Certaines viennent accompagnées, comme la dame en rose. Beaucoup sont seules.
Pendant ces quelques heures suspendues, chacune dit à sa façon le gouffre dans
lequel elle se retrouve plongée depuis l’enfance. Et leurs histoires
individuelles constituent, au fil des rencontres, non seulement un récit
collectif sur l’inceste mais aussi un rappel sans concession des manquements de
la société à leur égard. Manquements qui s’inscrivent dans ce que la militante
féministe Emmanuelle Piet, président du Collectif féministe contre le viol, qui
gère la ligne d’écoute de la Ciivise, désigne sous le terme de la « conspiration des oreilles
bouchées ». Elle commence par la famille, premier cercle à être confronté
aux révélations.
A
Lille, une jeune fille le dit très simplement. La vingtaine tout au plus, elle
est vêtue d’une robe couleur crème, avec des motifs marrons sur le buste, qui
rappelle la couleur de sa chevelure. Un ton monocorde. Se présentant comme « victime de violences sexuelles »
par un des frères à 8 ans, elle se souvient que ses parents l’ont appris. « Je ne sais plus comment », mais
en fait, rien ne s’est passé ». Quelques
années plus tard, à 14 ans, elle est une nouvelle fois violée, cette fois-ci
par un cousin. « Ça, mes parents ne
l’ont su qu’il y a trois mois, parce que je ne voyais pas bien l’intérêt de le
leur dire, vu qu’ils n’avaient rien fait par rapport à mon frère. »
Le
temps a passé, elle a quitté le domicile familial pour faire ses études et elle
s’étonne presque : « Je parle à
mon frère comme s’il ne s’était rien passé, tout le monde fait semblant. »

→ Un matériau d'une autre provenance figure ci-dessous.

lemma cbv_dual_diff:
  assumes "cbv_dual a" "cbv_dual b"
  shows "cbv_dual (\<lambda>x. a x - b x)"
proof -
  obtain A B where A: "\<forall>x. cbv x \<longrightarrow> \<bar>a x\<bar> \<le> A * bv_norm x"
    and B: "\<forall>x. cbv x \<longrightarrow> \<bar>b x\<bar> \<le> B * bv_norm x"
    using assms unfolding cbv_dual_def by blast
  have bound: "\<forall>x. cbv x \<longrightarrow> \<bar>a x - b x\<bar> \<le> (A + B) * bv_norm x"
    using A B abs_triangle_ineq4 by (fastforce simp: distrib_right)
  show ?thesis
    unfolding cbv_dual_def
  proof (intro conjI)
    show "\<exists>C. \<forall>x. cbv x \<longrightarrow> \<bar>a x - b x\<bar> \<le> C * bv_norm x"
      using bound by blast
  qed (use assms in \<open>auto simp: cbv_dual_def algebra_simps\<close>)
qed

lemma cbv_dual_bdd_above:
  assumes "cbv_dual a"
  shows "bdd_above {\<bar>a x\<bar> | x. cbv x \<and> bv_norm x \<le> 1}"
proof -
  obtain C where C: "\<forall>x. cbv x \<longrightarrow> \<bar>a x\<bar> \<le> C * bv_norm x"
    using assms unfolding cbv_dual_def by blast
  have "\<bar>a x\<bar> \<le> \<bar>C\<bar>" if "cbv x" "bv_norm x \<le> 1" for x
  proof -
    have "C * bv_norm x \<le> \<bar>C\<bar>"
      using that bv_norm_nonneg[of x]
      by (metis abs_ge_self abs_ge_zero order.trans mult_left_le mult_right_mono)
    then show ?thesis
      using C that by force
  qed
  then show ?thesis
    by (auto simp: bdd_above_def)
qed

lemma dual_norm_nonneg: "cbv_dual a \<Longrightarrow> 0 \<le> dual_norm a"
  unfolding dual_norm_def
  by (rule order_trans[OF abs_ge_zero cSup_upper[OF _ cbv_dual_bdd_above]])
     (use cbv_zero bv_norm_zero in auto)

lemma dual_norm_bound:
  assumes "cbv_dual a" "cbv x"
  shows "\<bar>a x\<bar> \<le> dual_norm a * bv_norm x"
proof (cases "bv_norm x = 0")
  case True
  then show ?thesis
    using assms unfolding cbv_dual_def by force
next
  case False
  then have pos: "bv_norm x > 0"
    using bv_norm_nonneg[OF assms(2)] by simp
  define y where "y = (\<lambda>t. (1 / bv_norm x) * x t)"
  have "cbv y"
    unfolding y_def by (rule cbv_scale[OF assms(2)])
  moreover have "bv_norm y = 1"
    unfolding y_def bv_norm_scale[OF assms(2)] using pos by simp
  ultimately have "\<bar>a y\<bar> \<le> dual_norm a"
    unfolding dual_norm_def by (intro cSup_upper cbv_dual_bdd_above assms) auto
  moreover have "a y = (1 / bv_norm x) * a x"
    using assms unfolding y_def cbv_dual_def by blast
  ultimately show ?thesis
    using pos by (simp add: abs_div field_simps)
qed

lemma op_norm_le:
  assumes "0 \<le> B" "\<And>x. cbv x \<Longrightarrow> bv_norm (T x) \<le> B * bv_norm x"
  shows "op_norm T \<le> B"
  unfolding op_norm_def
proof (rule cSup_least[OF cbv_unit_ball_image_nonempty])
  fix s assume "s \<in> {bv_norm (T x) |x. cbv x \<and> bv_norm x \<le> 1}"
  then obtain x where "cbv x" "bv_norm x \<le> 1" "s = bv_norm (T x)"
    by blast
  then show "s \<le> B"
    using assms by (metis mult_left_le order_trans)
qed

lemma op_norm_rank_one:
  assumes "cbv_dual a" "cbv u"
  shows "op_norm (\<lambda>x t. a x * u t) = dual_norm a * bv_norm u"
proof -
  have "{bv_norm (\<lambda>t. a x * u t) |x. cbv x \<and> bv_norm x \<le> 1}
      = (\<lambda>s. bv_norm u * s) ` {\<bar>a x\<bar> |x. cbv x \<and> bv_norm x \<le> 1}"
    using bv_norm_scale[OF assms(2)] by (auto simp: mult.commute)
  then show ?thesis
    unfolding op_norm_def dual_norm_def
    using cSup_image_mult_left[OF cbv_unit_ball_image_nonempty cbv_dual_bdd_above[OF assms(1)]
        bv_norm_nonneg[OF assms(2)]]
    by (simp add: mult.commute)
qed

lemma spec_radius_le_if_op_norm_power_eq:
  assumes "\<And>n. op_norm (T ^^ (n + k)) = K * c ^ n" "0 \<le> K" "0 \<le> c"
  shows "spec_radius T \<le> c"
proof -
  define L where "L = (if K = 0 \<or> c = 0 then 0 else c)"
  have "(\<lambda>n. root (n + k) (op_norm (T ^^ (n + k)))) \<longlonglongrightarrow> L"
  proof (cases "K = 0 \<or> c = 0")
    case True
    then have "\<forall>\<^sub>F n in sequentially. root (n + k) (op_norm (T ^^ (n + k))) = 0"
      unfolding eventually_sequentially assms(1) by (metis power_0_left mult_zero_left
          mult_zero_right real_root_zero not_one_le_zero)
    then show ?thesis
      using True by (simp add: L_def tendsto_eventually)
  next
    case False
    then show ?thesis
      using assms LIMSEQ_root_mult_power[of K c k] by (simp add: L_def)
  qed
  then have "(\<lambda>n. root n (op_norm (T ^^ n))) \<longlonglongrightarrow> L"
    by (rule LIMSEQ_offset)
  then show ?thesis
    unfolding spec_radius_def using limI assms(3) by (fastforce simp: L_def)
qed

definition rank_two_op ::
  "((real \<Rightarrow> real) \<Rightarrow> real) \<Rightarrow> ((real \<Rightarrow> real) \<Rightarrow> real) \<Rightarrow> (real \<Rightarrow> real) \<Rightarrow> (real \<Rightarrow> real)
    \<Rightarrow> (real \<Rightarrow> real) \<Rightarrow> (real \<Rightarrow> real)" where
  "rank_two_op a b v w = (\<lambda>x t. a x * v t + b x * w t)"

lemma cbv_bounded_linear_rank_two_op:
  assumes a: "cbv_dual a" and b: "cbv_dual b" and v: "cbv v" and w: "cbv w"
  shows "cbv_bounded_linear (rank_two_op a b v w)"
  unfolding cbv_bounded_linear_def rank_two_op_def
proof (intro conjI allI impI)
  show "\<exists>C. \<forall>x. cbv x \<longrightarrow> bv_norm (\<lambda>t. a x * v t + b x * w t) \<le> C * bv_norm x"
  proof (intro exI allI impI)
    fix x assume x: "cbv x"
    have "bv_norm (\<lambda>t. a x * v t + b x * w t) \<le> \<bar>a x\<bar> * bv_norm v + \<bar>b x\<bar> * bv_norm w"
      by (rule bv_norm_lincomb_le[OF v w])
    also have "\<dots> \<le> (dual_norm a * bv_norm x) * bv_norm v + (dual_norm b * bv_norm x) * bv_norm w"
      using dual_norm_bound[OF a x] dual_norm_bound[OF b x] bv_norm_nonneg[OF v] bv_norm_nonneg[OF w]
      by (intro add_mono mult_right_mono)
    finally show "bv_norm (\<lambda>t. a x * v t + b x * w t)
        \<le> (dual_norm a * bv_norm v + dual_norm b * bv_norm w) * bv_norm x"
      by (simp add: algebra_simps)
  qed
qed (use assms cbv_lincomb in \<open>auto simp: cbv_dual_def fun_eq_iff algebra_simps\<close>)

lemma partition_eq_cbv_one:
  assumes "cbv v" "cbv w" "\<forall>t\<in>{0..1}. v t + w t = 1"
  shows "(\<lambda>t. v t + w t) = cbv_one"
  using assms by (auto simp: cbv_def cbv_one_def fun_eq_iff)

lemma cbv_dual_partition_neg:
  assumes "cbv_dual a" "a cbv_one = 0" "cbv v" "cbv w" "\<forall>t\<in>{0..1}. v t + w t = 1"
  shows "a w = - a v"
proof -
  have "a v + a w = a cbv_one"
    using assms(1,3,4) unfolding cbv_dual_def partition_eq_cbv_one[OF assms(3-5), symmetric] by simp
  then show ?thesis
    using assms(2) by simp
qed

lemma rank_two_op_eq_cbv_one_minus:
  assumes "cbv v" "cbv w" "\<forall>t\<in>{0..1}. v t + w t = 1"
  shows "rank_two_op a b v w x = (\<lambda>t. a x * cbv_one t + (- (a x - b x)) * w t)"
  unfolding rank_two_op_def partition_eq_cbv_one[OF assms, symmetric]
  by (simp add: fun_eq_iff algebra_simps)

lemma op_norm_rank_two_op_le:
  assumes a: "cbv_dual a" and b: "cbv_dual b" and v: "cbv v" and w: "cbv w"
    and partition: "\<forall>t\<in>{0..1}. v t + w t = 1"
  shows "op_norm (rank_two_op a b v w) \<le> dual_norm a + dual_norm (\<lambda>x. a x - b x) * bv_norm w"
proof (rule op_norm_le)
  have ab: "cbv_dual (\<lambda>x. a x - b x)"
    by (rule cbv_dual_diff[OF a b])
  show "0 \<le> dual_norm a + dual_norm (\<lambda>x. a x - b x) * bv_norm w"
    using dual_norm_nonneg[OF a] dual_norm_nonneg[OF ab] bv_norm_nonneg[OF w] by simp
  fix x assume x: "cbv x"
  have "bv_norm (rank_two_op a b v w x) \<le> \<bar>a x\<bar> * bv_norm cbv_one + \<bar>- (a x - b x)\<bar> * bv_norm w"
    unfolding rank_two_op_eq_cbv_one_minus[OF v w partition]
    by (rule bv_norm_lincomb_le[OF cbv_cbv_one w])
  also have "\<dots> \<le> dual_norm a * bv_norm x + (dual_norm (\<lambda>x. a x - b x) * bv_norm x) * bv_norm w"
    using dual_norm_bound[OF a x] dual_norm_bound[OF ab x] bv_norm_nonneg[OF w]
    by (simp add: bv_norm_cbv_one add_mono mult_right_mono)
  finally show "bv_norm (rank_two_op a b v w x)
      \<le> (dual_norm a + dual_norm (\<lambda>x. a x - b x) * bv_norm w) * bv_norm x"
    by (simp add: algebra_simps)
qed

context
  fixes \<alpha> \<beta> :: "(real \<Rightarrow> real) \<Rightarrow> real" and v w :: "real \<Rightarrow> real"
  assumes \<alpha>: "cbv_dual \<alpha>" and \<beta>: "cbv_dual \<beta>" and v: "cbv v" and w: "cbv w"
    and \<alpha>_one: "\<alpha> cbv_one = 0" and \<beta>_one: "\<beta> cbv_one = 0"
    and partition: "\<forall>t\<in>{0..1}. v t + w t = 1"
begin

lemma rank_two_op_on_span:
  "rank_two_op \<alpha> \<beta> v w (\<lambda>t. a * v t + b * w t) = (\<lambda>t. (a - b) * (\<alpha> v * v t + \<beta> v * w t))"
  unfolding rank_two_op_def cbv_dual_lincomb[OF \<alpha> v w] cbv_dual_lincomb[OF \<beta> v w]
    cbv_dual_partition_neg[OF \<alpha> \<alpha>_one v w partition]
    cbv_dual_partition_neg[OF \<beta> \<beta>_one v w partition]
  by (simp add: fun_eq_iff algebra_simps)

Pourtant, « aujourd’hui je suis
en colère contre mes parents », reconnaît-elle. « Ça s’est réveillé il y a trois, quatre mois,
avant je ne voyais pas la gravité de tout ça », malgré « des angoisses » et « un état dépressif. »
A
Nantes, une autre femme l’avait formulé un peu différemment : « Il faut remettre les choses dans
l’ordre. » La question taraude aussi une femme d’un certain âge, aux
cheveux gris coupés courts, assise dans les premiers rangs à l’université d’Avignon,
où la commission a fait une halte, le 14 décembre. « Que pouvez-vous dire de la famille ? »
interroge-t-elle en prenant la parole la première. Veste sombre, voix forte,
elle poursuit avec des propos qui provoquent dans la salle des murmures de
désapprobation : « Être violée,
ce n’est pas grave, mais le déni de la famille… »
Sacrifice de la victime
Elle voudrait comprendre.
Violée par « le mari de [sa]
mère », entre ses 6 et 18 ans, elle s’est confiée l’année suivante à
sa grand-mère qui l’avait élevée. Sans effet. « Après je suis allée en psychiatrie, j’ai fait deux tentatives de
suicide, je l’ai dit à 22 ans à mon frère, et je l’ai appris le 4 août de cette
année qu’il avait dit à l’époque à ma mère », égrène-t-elle. « Et ma mère, ma grand-mère m’ont dit
que j’étais menteuse, folle, que je voulais me faire remarquer. » Sa
voix se brise, l’émotion l’envahit. Et on ressent très fort à quel point la
non-assistance reçue par la jeune fille qu’elle fut continue de tourmenter, des
décennies plus tard, l’adulte qu’elle est devenue.
Un
rang plus loin, le psychiatre Olivier Fossard, chef du service psychiatrique de
l’hôpital de Montfavet d’Avignon qu’ont visité un peu plus tôt dans la journée
les membres de la Ciivise, esquisse une réponse. « C’est compliqué pour les familles, c’est une alternative entre
dénoncer et faire éclater la famille. » L’anthropologue Dorothée
Dussy, qui s’est intéressée dans sa thèse aux rapports de domination à l’œuvre
dans l’inceste, explore cette réalité dans son ouvrage Anthropologie de l’inceste (réédité en 2021 chez Pocket) : la
plupart du temps, les autres membres de la famille choisissent de faire corps
autour de l’agresseur. Ce sacrifice de la victime par ses proches rend
particulièrement difficile par la suite ses tentatives de réparation.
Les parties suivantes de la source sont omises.